Whether or not he quit law studies at Oxford or abandoned classmates Alan Bates, Albert Finney and Peter O’Toole at RADA (“if you learn too much, you become aware of it; it can become tedious”), Wyngarde’s career almost ended with his debut after he was fired from a 1947 production of Noël Coward’s Present Laughter. Yet, by the time Vivien Leigh gave him a second chance to make good on the stage in Duel of Angels (1958), he had palled up with Richard Burton in Robert Rossen’s Alexander the Great (1956) and become a heartthrob as Sydney Carton in a seven-part BBC serialisation of A Tale of Two Cities (1957).
Although he would seethe anarchist fury as Peter the Painter in Robert S. Barker and Monte Berman’s The Siege of Sidney Street (1960) and prove a hauntingly menacing presence as Peter Quint in Jack Clayton’s masterly Henry James adaptation, The Innocents (1961), Wyngarde found his métier on television rather than the big screen. Having impressed as Sir Roger Casement in On Trial (1960), he guested in a number of cult shows. As John Cleverly Catney, he led a latter-day incarnation of the Hellfire Club in the 1966 Avengers episode, ‘A Touch of Brimstone’, and, later the same year, crossed swords with Roger Moore as The Saint in ‘The Man Who Liked Lions’.
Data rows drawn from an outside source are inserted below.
lemma simple: "simple_graph G"
  unfolding simple_graph_def
proof (intro conjI ballI)
  fix e assume "e \<in> edges G"
  then consider x where "x \<in> N1" "e = {c, x}" | v where "v \<in> N2" "e = {p v, v}"
    unfolding edges_eq by blast
  then show "\<exists>u v. e = {u, v} \<and> u \<noteq> v \<and> u \<in> verts G \<and> v \<in> verts G"
  proof cases
    case 1
    then show ?thesis using root_notin verts_eq by auto
  next
    case 2
    then show ?thesis using parent_neq[of v] parent_in[of v] verts_eq by auto
  qed
qed (rule finite_verts)

definition level :: "'a \<Rightarrow> nat" where
  "level u = (if u = c then 0 else if u \<in> N1 then 1 else 2)"

lemma walk_from_root:
  assumes "u \<in> verts G"
  obtains xs where "walk G xs" "hd xs = c" "last xs = u" "length xs = Suc (level u)"
proof -
  consider "u = c" | "u \<in> N1" | "u \<in> N2" using assms verts_eq by blast
  then show ?thesis
  proof cases
    case 1
    then show ?thesis using that[of "[c]"] verts_eq by (simp add: level_def)
  next
    case 2
    then have "level u = 1" using root_notin by (auto simp: level_def)
    then show ?thesis using that[of "[c, u]"] 2 verts_eq by (auto simp: adj_iff)
  next
    case 3
    then have "level u = 2" using root_notin levels_disjoint by (auto simp: level_def)
    then show ?thesis using that[of "[c, p u, u]"] 3 verts_eq parent_in[OF 3] by (auto simp: adj_iff)
  qed
qed

lemma reachable_verts:
  assumes "u \<in> verts G" "v \<in> verts G"
  shows "reachable G u v"
proof -
  have "reachable G c u" "reachable G c v" using walk_from_root[OF assms(1)] walk_from_root[OF assms(2)] reachableI by metis+
  then show ?thesis using reachable_sym reachable_trans by metis
qed

lemma level_le_2: "level u \<le> 2"
  unfolding level_def by simp

lemma level_child: "x \<in> N1 \<Longrightarrow> level x = 1"
  unfolding level_def using root_notin by auto

lemma root_in_verts: "c \<in> verts G"
  using verts_eq by simp

lemma level_potential: "adj G a b \<Longrightarrow> level b \<le> level a + 1"
  unfolding level_def adj_iff using root_notin levels_disjoint parent_in by auto

lemma dist_root:
  assumes "u \<in> verts G"
  shows "dist G c u = level u"
proof -
  have "level u \<le> level c + dist G c u"
    using assms level_potential by (intro potential_le_dist reachable_verts root_in_verts)
  moreover obtain xs where "walk G xs" "hd xs = c" "last xs = u" "length xs = Suc (level u)"
    using walk_from_root[OF assms] .
  then have "dist G c u \<le> level u" using dist_le_walk by fastforce
  ultimately show ?thesis by (simp add: level_def)
qed

lemma dist_le_level_sum:
  assumes "u \<in> verts G" "v \<in> verts G"
  shows "dist G u v \<le> level u + level v"
proof -
  obtain xs where xs: "walk G xs" "hd xs = c" "last xs = u" "length xs = Suc (level u)"
    using walk_from_root[OF assms(1)] .
  then have "xs \<noteq> []" by auto
  then have "dist G u c \<le> level u"
    using dist_le_walk[OF walk_rev[OF xs(1)]] xs by (simp add: hd_rev last_rev)
  moreover have "dist G u v \<le> dist G u c + dist G c v"
    using assms by (intro dist_triangle reachable_verts root_in_verts)
  ultimately show ?thesis using dist_root[OF assms(2)] by linarith
qed

lemma dist_siblings: "v \<in> N2 \<Longrightarrow> w \<in> N2 \<Longrightarrow> p v = p w \<Longrightarrow> dist G v w \<le> 2"
  using dist_le_walk[of G "[v, p v, w]" v w] parent_in[of v] verts_eq by (auto simp: adj_iff)

text \<open>The left-hand sides are the distances in the tree; as they change by at most one along each
  edge, \<open>potential_le_dist\<close> makes them lower bounds.\<close>

lemma dist_from_child_ge:
  assumes "x \<in> N1" "u \<in> verts G"
  shows "(if u = x then 0 else if u = c \<or> u \<in> N2 \<and> p u = x then 1 else if u \<in> N1 then 2 else 3)
    \<le> dist G x u"
proof -
  define h where
    "h u = (if u = x then 0 else if u = c \<or> u \<in> N2 \<and> p u = x then 1 else if u \<in> N1 then 2 else 3::nat)"
    for u
  have "h b \<le> h a + 1" if "adj G a b" for a b
    using that assms(1) root_notin levels_disjoint parent_in unfolding h_def adj_iff by auto
  then have "h u \<le> h x + dist G x u"
    using assms verts_eq by (intro potential_le_dist reachable_verts) auto
  then show ?thesis unfolding h_def by simp
qed
lemma inner_axis_matrix_vector_mult: "axis i 1 \<bullet> (A *v axis j 1) = A $ i $ j"
proof -
  have "(A *v axis j 1) $ i = A $ i $ j"
    by (simp add: matrix_vector_mult_def axis_def if_distrib if_distribR sum.delta' cong: if_cong)
  then show ?thesis by (simp add: inner_axis')
qed

lemma norm_le_quadratic_form_bound:
  fixes A :: "'n::finite mat"
  assumes sym: "transpose A = A" and psd: "\<And>x. 0 \<le> x \<bullet> (A *v x)"
    and ub: "\<And>x. x \<bullet> (A *v x) \<le> b * (x \<bullet> x)"
  shows "norm A \<le> (real CARD('n))\<^sup>2 * b"
proof -
  have "\<bar>A$i$j\<bar> \<le> b" for i j
  proof -
    have "A$j$i = A$i$j" using sym by (metis transpose_def vec_lambda_beta)
    moreover have "A$i$i \<le> b" "A$j$j \<le> b"
      using ub[of "axis i 1"] ub[of "axis j 1"] by (simp_all add: inner_axis_matrix_vector_mult inner_axis_axis)
    moreover have "0 \<le> A$i$i + A$j$j + 2 * A$i$j" "0 \<le> A$i$i + A$j$j - 2 * A$i$j"
      using psd[of "axis i 1 + axis j 1"] psd[of "axis i 1 - axis j 1"] \<open>A$j$i = A$i$j\<close>
      by (simp_all add: matrix_vector_right_distrib matrix_vector_mult_diff_distrib inner_add_left
          inner_add_right inner_diff_left inner_diff_right inner_axis_matrix_vector_mult)
    ultimately show ?thesis by linarith
  qed
  then have "(\<Sum>i\<in>UNIV. \<Sum>j\<in>UNIV. \<bar>A$i$j\<bar>) \<le> (\<Sum>i\<in>(UNIV::'n set). \<Sum>j\<in>(UNIV::'n set). b)"
    by (intro sum_mono)
  with norm_le_sum_abs_components[of A] have "norm A \<le> (\<Sum>i\<in>(UNIV::'n set). \<Sum>j\<in>(UNIV::'n set). b)"
    by linarith
  then show ?thesis by (simp add: power2_eq_square)
qed

lemma norm_matrix_inv_le:
  fixes X :: "'n::finite mat"
  assumes "posdef X" "quadform_ge a X" "a > 0"
  shows "norm (matrix_inv X) \<le> (real CARD('n))\<^sup>2 / a"
proof -
  obtain U d where U: "orthogonal_matrix U" "X = U ** diag_mat d ** transpose U" and d: "\<And>i. d i > 0"
    using posdef_spectral[OF assms(1)] by blast
  have "1 / d i \<le> 1 / a" for i using quadform_ge_eigenvalue[OF U assms(2)] assms(3) by (simp add: frac_le)
  moreover have "matrix_inv X = U ** diag_mat (\<lambda>i. 1 / d i) ** transpose U"
    using d by (simp add: spectral_matrix_inv[OF U] less_imp_neq[symmetric])
  ultimately have ub: "x \<bullet> (matrix_inv X *v x) \<le> 1 / a * (x \<bullet> x)" for x
    using spectral_upper_bound[OF U(1)] by blast
  have "posdef (matrix_inv X)" by (rule posdef_matrix_inv[OF assms(1)])
  from norm_le_quadratic_form_bound[OF posdef_symmetric[OF this] posdef_quadratic_form_nonneg[OF this] ub]
  show ?thesis by simp
qed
In 1967, Wyngarde’s Number Two tormented Patrick McGoohan during an human chess game in the ‘Checkmate’ instalment of The Prisoner. He would also crop up in The Baron, I Spy, The Troubleshooters and The Champions before he was placed in charge of the Interpol unit charged with cracking cases that had left others baffled, in Department S. Modelling novelist-turned-sleuth Jason King on James Bond creator Ian Fleming, Wyngarde proved so suave and magnetic that he was invited to reprise the character in a 1971 spin-off series.
After one 26-show season, however, he tired of playing this “blasé idiot” who looked “like a Mexican expatriate” and spoke with an “awful English accent”. Yet it would remain Wyngarde’s most iconic role, even though he battled black magic in Sidney Hayers’s Night of the Eagle (1962), revelled in malevolence as secret police chief Klytus in Mike Hodges’ Flash Gordon (1980) and reeked of hypocrisy as a government grandee in James Marcus’s Tank Malling (1989).
He even confronted Peter Davison as the elder of a parched world in the 1984 Doctor Who storyline ‘Planet of Fire’, and enjoyed a degree of notoriety in 1998 when the press latched on to ‘Rape’, a track from a 1970 speak-sing album that had been reissued as When Sex Leers Its Inquisitive Head.
To the end, however, Wyngarde lived up to his definition of sophistication: “To be, but not seem to be.”